(ABOUT THIS TASK) Your answer should be the lines below from the one holding "fa_cong R c" through the one holding "text \<open>Generators are", copied exactly and with nothing else.

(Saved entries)
▬▬▬
(* There is a homomorphism of $\mathbb{S}$--algebras $\iota_1:bH_n(q)\to\mathcal{E}_n(q)$ satisfying $\iota_1(e_i)=e_i$ and $\iota_1(z_i)=e_ig_i$ for all $i\in[n-1]$.
   Context: $\mathbb{S}=\mathbb{C}[q,q^{-1}]$ with $q$ an indeterminate. The tied--boxed Hecke algebra $bH_n(q)$ is the $\mathbb{S}$--algebra presented by generators $e_1,\dots,e_{n-1}$, $z_1,\dots,z_{n-1}$ and relations: $e_i^2=e_i$, $e_ie_j=e_je_i$ (all $i,j$); $z_iz_jz_i=z_jz_iz_j$ if $|i-j|=1$, $z_iz_j=z_jz_i$ if $|i-j|>1$; $e_iz_i=z_i$; $e_iz_j=z_je_i$ (all $i,j$); $z_i^2=e_i+(q-q^{-1})z_i$. The algebra of braids and ties $\mathcal{E}_n(q)$ is the $\mathbb{S}$--algebra presented by generators $e_1,\dots,e_{n-1}$, $g_1,\dots,g_{n-1}$ and relations: $e_i^2=e_i$, $e_ie_j=e_je_i$; $g_ig_jg_i=g_jg_ig_j$ if $|i-j|=1$, $g_ig_j=g_jg_i$ if $|i-j|>1$; $g_ie_i=e_ig_i$; $g_ie_j=e_jg_i$ if $|i-j|>1$; $e_ig_jg_i=g_jg_ie_j$ and $e_ie_jg_j=e_ig_je_i=g_je_ie_j$ if $|i-j|=1$; $g_i^2=1+(q-q^{-1})e_ig_i$. *)

theory Defs
  imports Complex_Main "HOL-Library.Poly_Mapping"
begin

text \<open>Laurent polynomials over C, realised as the group algebra of the integers:
finitely supported functions int to complex with convolution product.\<close>
type_synonym laurent = "int \<Rightarrow>\<^sub>0 complex"

definition qL :: laurent where "qL = Poly_Mapping.single 1 1"
definition qinvL :: laurent where "qinvL = Poly_Mapping.single (-1) 1"

type_synonym 'g freealg = "'g list \<Rightarrow>\<^sub>0 laurent"

definition fa_mul :: "'g freealg \<Rightarrow> 'g freealg \<Rightarrow> 'g freealg" where
  "fa_mul p r = (\<Sum>u\<in>Poly_Mapping.keys p. \<Sum>v\<in>Poly_Mapping.keys r.
      Poly_Mapping.single (u @ v) (Poly_Mapping.lookup p u * Poly_Mapping.lookup r v))"

definition fa_scal :: "laurent \<Rightarrow> 'g freealg" where
  "fa_scal c = Poly_Mapping.single [] c"

definition fa_one :: "'g freealg" where "fa_one = fa_scal 1"

definition fa_smult :: "laurent \<Rightarrow> 'g freealg \<Rightarrow> 'g freealg" where
  "fa_smult c p = fa_mul (fa_scal c) p"

definition fa_gen :: "'g \<Rightarrow> 'g freealg" where
  "fa_gen x = Poly_Mapping.single [x] 1"

text \<open>The congruence (two-sided ideal relation) generated by a set of relations;
the presented algebra is the quotient of the free algebra by it.\<close>
inductive fa_cong :: "('g freealg \<times> 'g freealg) set \<Rightarrow> 'g freealg \<Rightarrow> 'g freealg \<Rightarrow> bool"
  for R where
  rel: "(a, b) \<in> R \<Longrightarrow> fa_cong R a b"
| refl: "fa_cong R a a"
| sym: "fa_cong R a b \<Longrightarrow> fa_cong R b a"
| trans: "fa_cong R a b \<Longrightarrow> fa_cong R b c \<Longrightarrow> fa_cong R a c"
| add: "fa_cong R a b \<Longrightarrow> fa_cong R c d \<Longrightarrow> fa_cong R (a + c) (b + d)"
| mult_left: "fa_cong R a b \<Longrightarrow> fa_cong R (fa_mul c a) (fa_mul c b)"
| mult_right: "fa_cong R a b \<Longrightarrow> fa_cong R (fa_mul a c) (fa_mul b c)"

datatype bgen = bE nat | bZ nat
datatype egen = eE nat | eG nat

abbreviation "fa_mul3 a b c \<equiv> fa_mul a (fa_mul b c)"

text \<open>Generators are indexed by nat; those with index outside [n-1] = {1..<n} are
set to 0 by extra relations, so the quotient is exactly the presented algebra.\<close>

definition bH_rels :: "nat \<Rightarrow> (bgen freealg \<times> bgen freealg) set" where
  "bH_rels n =
     (let e = (\<lambda>i. fa_gen (bE i)); z = (\<lambda>i. fa_gen (bZ i)); I = {1..<n} in
       {(fa_mul (e i) (e i), e i) | i. i \<in> I}
     \<union> {(fa_mul (e i) (e j), fa_mul (e j) (e i)) | i j. i \<in> I \<and> j \<in> I}
     \<union> {(fa_mul3 (z i) (z j) (z i), fa_mul3 (z j) (z i) (z j)) | i j.
           i \<in> I \<and> j \<in> I \<and> (i = j + 1 \<or> j = i + 1)}
     \<union> {(fa_mul (z i) (z j), fa_mul (z j) (z i)) | i j.
           i \<in> I \<and> j \<in> I \<and> (i > j + 1 \<or> j > i + 1)}
     \<union> {(fa_mul (e i) (z i), z i) | i. i \<in> I}
     \<union> {(fa_mul (e i) (z j), fa_mul (z j) (e i)) | i j. i \<in> I \<and> j \<in> I}
     \<union> {(fa_mul (z i) (z i), e i + fa_smult (qL - qinvL) (z i)) | i. i \<in> I}
     \<union> {(e i, 0) | i. i \<notin> I} \<union> {(z i, 0) | i. i \<notin> I})"

definition E_rels :: "nat \<Rightarrow> (egen freealg \<times> egen freealg) set" where
  "E_rels n =
     (let e = (\<lambda>i. fa_gen (eE i)); g = (\<lambda>i. fa_gen (eG i)); I = {1..<n} in
       {(fa_mul (e i) (e i), e i) | i. i \<in> I}
     \<union> {(fa_mul (e i) (e j), fa_mul (e j) (e i)) | i j. i \<in> I \<and> j \<in> I}
     \<union> {(fa_mul3 (g i) (g j) (g i), fa_mul3 (g j) (g i) (g j)) | i j.
           i \<in> I \<and> j \<in> I \<and> (i = j + 1 \<or> j = i + 1)}
     \<union> {(fa_mul (g i) (g j), fa_mul (g j) (g i)) | i j.
           i \<in> I \<and> j \<in> I \<and> (i > j + 1 \<or> j > i + 1)}
     \<union> {(fa_mul (g i) (e i), fa_mul (e i) (g i)) | i. i \<in> I}
     \<union> {(fa_mul (g i) (e j), fa_mul (e j) (g i)) | i j.
           i \<in> I \<and> j \<in> I \<and> (i > j + 1 \<or> j > i + 1)}
     \<union> {(fa_mul3 (e i) (g j) (g i), fa_mul3 (g j) (g i) (e j)) | i j.
           i \<in> I \<and> j \<in> I \<and> (i = j + 1 \<or> j = i + 1)}
     \<union> {(fa_mul3 (e i) (e j) (g j), fa_mul3 (e i) (g j) (e i)) | i j.
           i \<in> I \<and> j \<in> I \<and> (i = j + 1 \<or> j = i + 1)}
     \<union> {(fa_mul3 (e i) (g j) (e i), fa_mul3 (g j) (e i) (e j)) | i j.
           i \<in> I \<and> j \<in> I \<and> (i = j + 1 \<or> j = i + 1)}
     \<union> {(fa_mul (g i) (g i), fa_one + fa_smult (qL - qinvL) (fa_mul (e i) (g i))) | i. i \<in> I}
     \<union> {(e i, 0) | i. i \<notin> I} \<union> {(g i, 0) | i. i \<notin> I})"

abbreviation bH_eq :: "nat \<Rightarrow> bgen freealg \<Rightarrow> bgen freealg \<Rightarrow> bool" where
  "bH_eq n \<equiv> fa_cong (bH_rels n)"
abbreviation E_eq :: "nat \<Rightarrow> egen freealg \<Rightarrow> egen freealg \<Rightarrow> bool" where
  "E_eq n \<equiv> fa_cong (E_rels n)"

text \<open>A map on representatives that is compatible with the defining congruences and is
additive, S-linear, multiplicative and unital modulo the target congruence; such maps
are exactly S-algebra homomorphisms between the quotient algebras.\<close>
definition pres_alg_hom ::
  "('a freealg \<Rightarrow> 'a freealg \<Rightarrow> bool) \<Rightarrow> ('b freealg \<Rightarrow> 'b freealg \<Rightarrow> bool)
   \<Rightarrow> ('a freealg \<Rightarrow> 'b freealg) \<Rightarrow> bool" where
  "pres_alg_hom EqA EqB f \<longleftrightarrow>
     (\<forall>x y. EqA x y \<longrightarrow> EqB (f x) (f y)) \<and>
     (\<forall>x y. EqB (f (x + y)) (f x + f y)) \<and>
     (\<forall>c x. EqB (f (fa_smult c x)) (fa_smult c (f x))) \<and>
     (\<forall>x y. EqB (f (fa_mul x y)) (fa_mul (f x) (f y))) \<and>
     EqB (f fa_one) fa_one"

end

theory Submission
  imports Defs
begin

text \<open>The substitution \<open>e\<^sub>i \<mapsto> e\<^sub>i\<close>, \<open>z\<^sub>i \<mapsto> e\<^sub>i g\<^sub>i\<close> of generators by words extends to an
algebra map of free algebras, which descends to the quotients once every defining relation
of \<open>bH\<^sub>n(q)\<close> is mapped into the congruence of \<open>E\<^sub>n(q)\<close>. For \<open>f\<^sub>i = e\<^sub>i g\<^sub>i\<close>: \<open>e\<^sub>i f\<^sub>i = f\<^sub>i\<close> and \<open>f\<^sub>i\<^sup>2 = e\<^sub>i g\<^sub>i\<^sup>2 = e\<^sub>i + (q - q\<^sup>-\<^sup>1) f\<^sub>i\<close>
because \<open>e\<^sub>i\<close> is an idempotent commuting with \<open>g\<^sub>i\<close>; far apart \<open>f\<^sub>i\<close> and \<open>f\<^sub>j\<close> commute; and for
\<open>|i - j| = 1\<close> the tie relations move all ties to the left, so that both sides of the braid
relation \<open>f\<^sub>i f\<^sub>j f\<^sub>i = f\<^sub>j f\<^sub>i f\<^sub>j\<close> become \<open>e\<^sub>i e\<^sub>j g\<^sub>i g\<^sub>j g\<^sub>i\<close> and \<open>e\<^sub>j e\<^sub>i g\<^sub>j g\<^sub>i g\<^sub>j\<close>,
which agree by the braid relation of the \<open>g\<^sub>i\<close>.\<close>

instantiation list :: (type) monoid_add
begin
definition zero_list :: "'a list" where "zero_list = []"
definition plus_list :: "'a list \<Rightarrow> 'a list \<Rightarrow> 'a list" where "plus_list u v = u @ v"
instance by standard (auto simp: zero_list_def plus_list_def)
end

text \<open>With the free monoid as exponent monoid, the ring structure of \<^typ>\<open>'g freealg\<close> provided by
\<^theory>\<open>HOL-Library.Poly_Mapping\<close> is the free algebra, and \<^const>\<open>fa_mul\<close> is its product.\<close>

definition fa_word :: "'g list \<Rightarrow> 'g freealg" where
  "fa_word w = Poly_Mapping.single w 1"

lemma poly_mapping_sum_single_lookup:
  "(\<Sum>k\<in>Poly_Mapping.keys p. Poly_Mapping.single k (Poly_Mapping.lookup p k)) = p"
  by (rule poly_mapping_eqI) (auto simp: lookup_sum lookup_single when_def in_keys_iff)

lemma fa_mul_eq_times: "fa_mul p r = p * r"
proof -
  have "p * r = (\<Sum>u\<in>Poly_Mapping.keys p. Poly_Mapping.single u (Poly_Mapping.lookup p u)) *
      (\<Sum>v\<in>Poly_Mapping.keys r. Poly_Mapping.single v (Poly_Mapping.lookup r v))"
    by (simp only: poly_mapping_sum_single_lookup)
  also have "\<dots> = fa_mul p r"
    by (simp add: fa_mul_def sum_distrib_left sum_distrib_right mult_single plus_list_def)
       (rule sum.swap)
  finally show ?thesis by simp
qed

lemma fa_one_eq_1: "fa_one = 1"
  using single_one[where 'a = "'g list" and 'b = laurent]
  by (simp add: fa_one_def fa_scal_def zero_list_def)

lemma fa_smult_eq: "fa_smult c p = Poly_Mapping.single [] c * p"
  by (simp add: fa_smult_def fa_scal_def fa_mul_eq_times)

lemma fa_gen_eq_fa_word: "fa_gen x = fa_word [x]"
  by (simp add: fa_gen_def fa_word_def)

lemma single_mult_fa_word [simp]:
  "Poly_Mapping.single u c * fa_word v = Poly_Mapping.single (u @ v) c"
  by (simp add: fa_word_def mult_single plus_list_def)

lemma fa_word_mult [simp]: "fa_word u * fa_word v = fa_word (u @ v)"
  by (simp add: fa_word_def mult_single plus_list_def)

lemma fa_word_mult_single [simp]:
  "fa_word u * Poly_Mapping.single v c = Poly_Mapping.single (u @ v) c"
  by (simp add: fa_word_def mult_single plus_list_def)

lemma fa_word_eq_iff [simp]: "fa_word u = fa_word v \<longleftrightarrow> u = v"
  by (metis fa_word_def lookup_single_eq lookup_single_not_eq zero_neq_one)

lemma fa_word_neq_zero [simp]: "fa_word u \<noteq> 0"
  by (metis fa_word_def lookup_single_eq lookup_zero zero_neq_one)

lemmas fa_ops_eq = fa_mul_eq_times fa_one_eq_1 fa_smult_eq fa_gen_eq_fa_word

lemma fa_cong_mult_context: "fa_cong R a b \<Longrightarrow> fa_cong R (x * a * y) (x * b * y)"
  using fa_cong.mult_left[of R "a * y" "b * y" x] fa_cong.mult_right[of R a b y]
  by (simp add: fa_mul_eq_times mult.assoc)

lemmas [trans] = fa_cong.trans


section \<open>Substituting words for generators\<close>

definition fa_subst :: "('a \<Rightarrow> 'b list) \<Rightarrow> 'a freealg \<Rightarrow> 'b freealg" where
  "fa_subst \<phi> p = (\<Sum>w\<in>Poly_Mapping.keys p.
      Poly_Mapping.single (concat (map \<phi> w)) (Poly_Mapping.lookup p w))"

lemma fa_subst_eq_sum_superset:
  assumes "finite S" "Poly_Mapping.keys p \<subseteq> S"
  shows "fa_subst \<phi> p = (\<Sum>w\<in>S. Poly_Mapping.single (concat (map \<phi> w)) (Poly_Mapping.lookup p w))"
  unfolding fa_subst_def by (rule sum.mono_neutral_left) (auto simp: assms in_keys_iff)

lemma fa_subst_add: "fa_subst \<phi> (x + y) = fa_subst \<phi> x + fa_subst \<phi> y"
proof -
  let ?S = "Poly_Mapping.keys x \<union> Poly_Mapping.keys y"
  let ?s = "\<lambda>p. \<Sum>w\<in>?S. Poly_Mapping.single (concat (map \<phi> w)) (Poly_Mapping.lookup p w)"
  have "fa_subst \<phi> (x + y) = ?s (x + y)"
    by (rule fa_subst_eq_sum_superset) (auto simp: in_keys_iff lookup_add)
  also have "\<dots> = ?s x + ?s y"
    by (simp add: lookup_add single_add sum.distrib)
  also have "\<dots> = fa_subst \<phi> x + fa_subst \<phi> y"
    using fa_subst_eq_sum_superset[of ?S x \<phi>] fa_subst_eq_sum_superset[of ?S y \<phi>] by simp
  finally show ?thesis .
qed

lemma fa_subst_zero [simp]: "fa_subst \<phi> 0 = 0"
  by (simp add: fa_subst_def)

lemma fa_subst_sum: "fa_subst \<phi> (sum f S) = (\<Sum>s\<in>S. fa_subst \<phi> (f s))"
  by (induction S rule: infinite_finite_induct) (auto simp: fa_subst_add)

lemma fa_subst_single [simp]:
  "fa_subst \<phi> (Poly_Mapping.single w c) = Poly_Mapping.single (concat (map \<phi> w)) c"
  by (cases "c = 0") (auto simp: fa_subst_def)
▬▬▬
(EXPECTED ANSWER)
| add: "fa_cong R a b \<Longrightarrow> fa_cong R c d \<Longrightarrow> fa_cong R (a + c) (b + d)"
| mult_left: "fa_cong R a b \<Longrightarrow> fa_cong R (fa_mul c a) (fa_mul c b)"
| mult_right: "fa_cong R a b \<Longrightarrow> fa_cong R (fa_mul a c) (fa_mul b c)"

datatype bgen = bE nat | bZ nat
datatype egen = eE nat | eG nat

abbreviation "fa_mul3 a b c \<equiv> fa_mul a (fa_mul b c)"

text \<open>Generators are indexed by nat; those with index outside [n-1] = {1..<n} are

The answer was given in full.